Excerpted records section start
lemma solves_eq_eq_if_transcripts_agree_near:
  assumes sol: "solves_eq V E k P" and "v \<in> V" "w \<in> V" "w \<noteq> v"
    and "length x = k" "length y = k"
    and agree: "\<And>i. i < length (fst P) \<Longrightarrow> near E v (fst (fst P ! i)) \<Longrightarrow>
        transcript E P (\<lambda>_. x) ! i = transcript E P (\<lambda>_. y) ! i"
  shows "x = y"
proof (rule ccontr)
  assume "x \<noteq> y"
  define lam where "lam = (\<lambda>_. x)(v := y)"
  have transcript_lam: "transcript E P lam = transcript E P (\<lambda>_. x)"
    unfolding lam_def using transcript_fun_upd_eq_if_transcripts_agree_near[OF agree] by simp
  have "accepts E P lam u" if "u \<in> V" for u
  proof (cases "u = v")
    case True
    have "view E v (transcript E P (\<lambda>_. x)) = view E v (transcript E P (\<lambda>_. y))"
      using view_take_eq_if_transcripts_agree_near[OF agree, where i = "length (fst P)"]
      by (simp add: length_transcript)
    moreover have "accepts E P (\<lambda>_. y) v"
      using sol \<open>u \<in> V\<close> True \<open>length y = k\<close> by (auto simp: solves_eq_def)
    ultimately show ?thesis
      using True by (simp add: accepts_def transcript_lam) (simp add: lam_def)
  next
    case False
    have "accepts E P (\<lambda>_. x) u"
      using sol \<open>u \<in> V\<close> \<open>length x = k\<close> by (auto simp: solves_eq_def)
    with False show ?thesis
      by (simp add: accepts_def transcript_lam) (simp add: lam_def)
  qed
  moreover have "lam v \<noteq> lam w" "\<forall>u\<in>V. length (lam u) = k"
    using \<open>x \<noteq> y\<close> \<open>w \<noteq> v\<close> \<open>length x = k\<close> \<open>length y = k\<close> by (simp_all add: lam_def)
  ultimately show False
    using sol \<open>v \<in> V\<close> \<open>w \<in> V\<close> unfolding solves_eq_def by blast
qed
Excerpted records section end
Excerpted records section start
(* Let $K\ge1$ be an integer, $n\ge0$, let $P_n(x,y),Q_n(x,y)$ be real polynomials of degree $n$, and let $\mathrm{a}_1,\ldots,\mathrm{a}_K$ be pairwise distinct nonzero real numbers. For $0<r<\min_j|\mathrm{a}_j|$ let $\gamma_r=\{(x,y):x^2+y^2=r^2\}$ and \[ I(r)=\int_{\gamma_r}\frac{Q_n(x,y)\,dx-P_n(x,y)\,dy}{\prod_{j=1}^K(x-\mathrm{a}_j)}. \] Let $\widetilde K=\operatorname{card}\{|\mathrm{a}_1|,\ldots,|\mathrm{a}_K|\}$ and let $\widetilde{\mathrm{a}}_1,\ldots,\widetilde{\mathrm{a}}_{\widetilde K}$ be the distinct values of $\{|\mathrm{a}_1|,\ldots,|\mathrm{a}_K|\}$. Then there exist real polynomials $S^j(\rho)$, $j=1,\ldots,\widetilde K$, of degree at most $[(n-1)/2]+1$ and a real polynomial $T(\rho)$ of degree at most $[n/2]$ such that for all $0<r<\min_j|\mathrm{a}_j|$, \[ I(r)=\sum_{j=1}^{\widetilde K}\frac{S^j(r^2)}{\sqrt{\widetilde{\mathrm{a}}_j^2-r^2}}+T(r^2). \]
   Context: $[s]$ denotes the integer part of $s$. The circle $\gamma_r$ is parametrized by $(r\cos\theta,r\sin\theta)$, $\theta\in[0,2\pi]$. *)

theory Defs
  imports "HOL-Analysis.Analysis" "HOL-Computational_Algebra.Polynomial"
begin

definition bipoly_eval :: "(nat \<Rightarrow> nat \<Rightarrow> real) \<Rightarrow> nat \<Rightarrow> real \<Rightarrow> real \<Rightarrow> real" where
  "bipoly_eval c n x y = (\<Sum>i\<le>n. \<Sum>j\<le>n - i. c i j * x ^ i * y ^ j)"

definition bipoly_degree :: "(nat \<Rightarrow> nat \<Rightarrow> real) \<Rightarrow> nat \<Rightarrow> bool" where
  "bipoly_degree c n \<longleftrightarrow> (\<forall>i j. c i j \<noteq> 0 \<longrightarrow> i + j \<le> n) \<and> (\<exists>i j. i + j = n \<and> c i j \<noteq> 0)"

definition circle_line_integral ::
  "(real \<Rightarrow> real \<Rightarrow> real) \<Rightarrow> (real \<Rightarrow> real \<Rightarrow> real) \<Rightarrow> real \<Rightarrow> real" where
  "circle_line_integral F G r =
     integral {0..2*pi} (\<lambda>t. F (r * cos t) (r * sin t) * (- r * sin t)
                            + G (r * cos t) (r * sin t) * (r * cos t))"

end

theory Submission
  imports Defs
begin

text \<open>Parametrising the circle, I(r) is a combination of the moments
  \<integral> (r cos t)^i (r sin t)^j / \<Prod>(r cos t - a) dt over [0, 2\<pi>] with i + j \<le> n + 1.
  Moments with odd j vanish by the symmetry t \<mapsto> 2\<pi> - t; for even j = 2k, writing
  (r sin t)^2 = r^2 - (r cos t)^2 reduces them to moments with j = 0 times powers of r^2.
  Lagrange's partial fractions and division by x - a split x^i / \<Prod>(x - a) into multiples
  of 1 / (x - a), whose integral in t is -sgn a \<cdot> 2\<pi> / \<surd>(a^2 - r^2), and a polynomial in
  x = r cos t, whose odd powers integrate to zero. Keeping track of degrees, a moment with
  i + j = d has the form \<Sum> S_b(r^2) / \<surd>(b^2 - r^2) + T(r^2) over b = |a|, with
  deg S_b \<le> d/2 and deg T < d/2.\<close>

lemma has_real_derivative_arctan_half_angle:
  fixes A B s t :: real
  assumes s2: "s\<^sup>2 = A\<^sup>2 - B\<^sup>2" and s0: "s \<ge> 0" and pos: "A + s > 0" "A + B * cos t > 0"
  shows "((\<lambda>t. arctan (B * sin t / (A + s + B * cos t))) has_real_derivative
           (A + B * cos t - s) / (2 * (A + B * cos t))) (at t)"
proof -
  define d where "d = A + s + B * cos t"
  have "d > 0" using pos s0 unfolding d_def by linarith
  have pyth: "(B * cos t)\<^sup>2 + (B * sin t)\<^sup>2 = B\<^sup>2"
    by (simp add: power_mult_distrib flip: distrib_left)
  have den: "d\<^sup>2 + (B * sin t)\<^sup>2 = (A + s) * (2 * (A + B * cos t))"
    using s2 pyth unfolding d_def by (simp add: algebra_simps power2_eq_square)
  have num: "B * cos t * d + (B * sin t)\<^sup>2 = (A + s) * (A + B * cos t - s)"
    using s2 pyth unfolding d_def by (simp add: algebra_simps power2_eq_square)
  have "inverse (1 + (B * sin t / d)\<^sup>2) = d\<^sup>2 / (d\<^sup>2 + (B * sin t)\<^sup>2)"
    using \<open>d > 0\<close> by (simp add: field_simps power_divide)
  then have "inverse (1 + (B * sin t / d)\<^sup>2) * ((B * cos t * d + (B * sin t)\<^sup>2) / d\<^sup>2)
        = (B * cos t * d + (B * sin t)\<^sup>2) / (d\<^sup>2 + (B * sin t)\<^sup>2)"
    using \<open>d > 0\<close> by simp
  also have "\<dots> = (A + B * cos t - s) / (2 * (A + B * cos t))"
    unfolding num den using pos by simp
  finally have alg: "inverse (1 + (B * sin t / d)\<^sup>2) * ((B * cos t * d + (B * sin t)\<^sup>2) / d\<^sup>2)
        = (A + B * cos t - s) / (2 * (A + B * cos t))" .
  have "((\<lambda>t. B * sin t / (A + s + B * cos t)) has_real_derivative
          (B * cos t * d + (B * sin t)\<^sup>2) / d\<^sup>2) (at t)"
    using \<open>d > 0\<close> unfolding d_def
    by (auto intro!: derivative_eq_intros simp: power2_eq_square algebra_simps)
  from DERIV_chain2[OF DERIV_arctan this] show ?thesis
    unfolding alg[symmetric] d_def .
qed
Excerpted records section end
Excerpted records section start
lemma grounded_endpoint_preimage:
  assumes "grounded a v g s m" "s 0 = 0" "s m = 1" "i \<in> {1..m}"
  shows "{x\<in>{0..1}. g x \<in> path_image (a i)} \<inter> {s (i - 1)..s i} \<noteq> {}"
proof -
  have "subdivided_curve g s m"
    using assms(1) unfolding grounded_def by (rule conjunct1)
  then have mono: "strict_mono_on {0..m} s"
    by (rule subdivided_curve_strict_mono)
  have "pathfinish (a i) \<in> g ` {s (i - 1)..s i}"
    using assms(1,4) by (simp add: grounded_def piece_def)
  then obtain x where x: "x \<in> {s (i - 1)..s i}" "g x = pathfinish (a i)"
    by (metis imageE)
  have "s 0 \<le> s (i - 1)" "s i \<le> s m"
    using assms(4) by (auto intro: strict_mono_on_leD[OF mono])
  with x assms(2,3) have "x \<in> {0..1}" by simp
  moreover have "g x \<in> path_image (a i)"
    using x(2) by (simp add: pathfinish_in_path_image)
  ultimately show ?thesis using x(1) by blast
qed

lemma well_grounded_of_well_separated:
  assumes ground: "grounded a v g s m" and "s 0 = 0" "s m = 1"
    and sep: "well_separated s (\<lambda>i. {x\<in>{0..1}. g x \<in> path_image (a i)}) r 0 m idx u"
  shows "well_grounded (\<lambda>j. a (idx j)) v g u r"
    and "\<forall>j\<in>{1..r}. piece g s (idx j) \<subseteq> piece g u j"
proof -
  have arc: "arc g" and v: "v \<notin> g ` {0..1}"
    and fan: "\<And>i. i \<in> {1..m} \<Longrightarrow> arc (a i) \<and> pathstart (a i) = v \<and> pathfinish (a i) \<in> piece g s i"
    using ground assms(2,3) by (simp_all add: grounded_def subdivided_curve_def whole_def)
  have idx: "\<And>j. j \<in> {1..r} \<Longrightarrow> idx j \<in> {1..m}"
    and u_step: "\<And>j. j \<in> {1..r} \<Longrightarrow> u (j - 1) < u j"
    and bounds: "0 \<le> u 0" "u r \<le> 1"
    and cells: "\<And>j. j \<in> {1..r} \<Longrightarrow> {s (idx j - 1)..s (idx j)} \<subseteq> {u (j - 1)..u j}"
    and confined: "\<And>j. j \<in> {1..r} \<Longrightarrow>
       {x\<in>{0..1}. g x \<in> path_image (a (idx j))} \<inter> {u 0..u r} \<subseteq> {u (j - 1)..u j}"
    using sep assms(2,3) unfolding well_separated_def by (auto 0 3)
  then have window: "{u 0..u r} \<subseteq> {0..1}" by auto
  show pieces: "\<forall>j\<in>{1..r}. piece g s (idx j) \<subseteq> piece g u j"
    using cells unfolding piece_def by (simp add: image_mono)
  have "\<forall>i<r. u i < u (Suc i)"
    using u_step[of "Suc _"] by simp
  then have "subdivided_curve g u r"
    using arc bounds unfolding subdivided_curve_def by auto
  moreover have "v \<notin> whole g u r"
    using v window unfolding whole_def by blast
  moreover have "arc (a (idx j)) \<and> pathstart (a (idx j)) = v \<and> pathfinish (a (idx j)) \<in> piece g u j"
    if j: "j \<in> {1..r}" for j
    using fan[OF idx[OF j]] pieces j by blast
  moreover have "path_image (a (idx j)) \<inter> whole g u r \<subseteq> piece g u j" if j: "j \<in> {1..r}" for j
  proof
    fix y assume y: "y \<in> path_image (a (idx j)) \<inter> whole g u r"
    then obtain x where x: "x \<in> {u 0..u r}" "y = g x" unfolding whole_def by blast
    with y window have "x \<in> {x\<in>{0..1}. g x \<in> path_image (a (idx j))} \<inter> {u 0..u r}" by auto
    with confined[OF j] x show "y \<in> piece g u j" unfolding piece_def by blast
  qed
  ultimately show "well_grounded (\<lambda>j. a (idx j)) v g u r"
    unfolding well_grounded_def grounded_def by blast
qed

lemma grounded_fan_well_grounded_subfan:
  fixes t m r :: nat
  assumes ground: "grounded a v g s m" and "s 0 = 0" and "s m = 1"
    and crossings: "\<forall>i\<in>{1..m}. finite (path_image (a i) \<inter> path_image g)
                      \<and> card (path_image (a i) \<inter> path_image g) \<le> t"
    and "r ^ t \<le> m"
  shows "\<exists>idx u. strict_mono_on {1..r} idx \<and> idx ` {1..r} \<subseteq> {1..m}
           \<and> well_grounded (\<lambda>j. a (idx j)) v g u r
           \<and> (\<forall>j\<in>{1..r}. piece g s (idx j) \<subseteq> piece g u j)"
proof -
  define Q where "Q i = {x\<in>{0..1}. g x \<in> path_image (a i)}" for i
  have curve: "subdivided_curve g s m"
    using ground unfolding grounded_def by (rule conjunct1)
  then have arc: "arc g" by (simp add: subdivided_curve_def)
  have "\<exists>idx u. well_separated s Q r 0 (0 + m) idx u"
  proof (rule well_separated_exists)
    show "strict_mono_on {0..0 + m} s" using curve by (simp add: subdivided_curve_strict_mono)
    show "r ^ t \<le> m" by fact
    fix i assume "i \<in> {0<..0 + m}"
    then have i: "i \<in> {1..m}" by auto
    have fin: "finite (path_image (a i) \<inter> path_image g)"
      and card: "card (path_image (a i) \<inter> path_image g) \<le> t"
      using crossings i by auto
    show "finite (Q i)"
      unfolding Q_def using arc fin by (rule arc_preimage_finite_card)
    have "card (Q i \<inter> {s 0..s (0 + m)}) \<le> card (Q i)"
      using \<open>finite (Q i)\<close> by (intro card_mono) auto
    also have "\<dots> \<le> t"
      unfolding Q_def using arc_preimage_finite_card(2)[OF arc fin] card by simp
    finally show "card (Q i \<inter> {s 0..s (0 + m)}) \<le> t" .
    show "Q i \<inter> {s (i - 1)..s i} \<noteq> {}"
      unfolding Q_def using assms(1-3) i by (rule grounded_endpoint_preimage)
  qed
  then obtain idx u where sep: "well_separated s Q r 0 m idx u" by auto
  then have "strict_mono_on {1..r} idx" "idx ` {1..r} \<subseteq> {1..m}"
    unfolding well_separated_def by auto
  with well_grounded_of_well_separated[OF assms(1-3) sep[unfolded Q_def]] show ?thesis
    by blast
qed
Excerpted records section end
Count the lines of the listing that contain the word "close", and give only the number.

9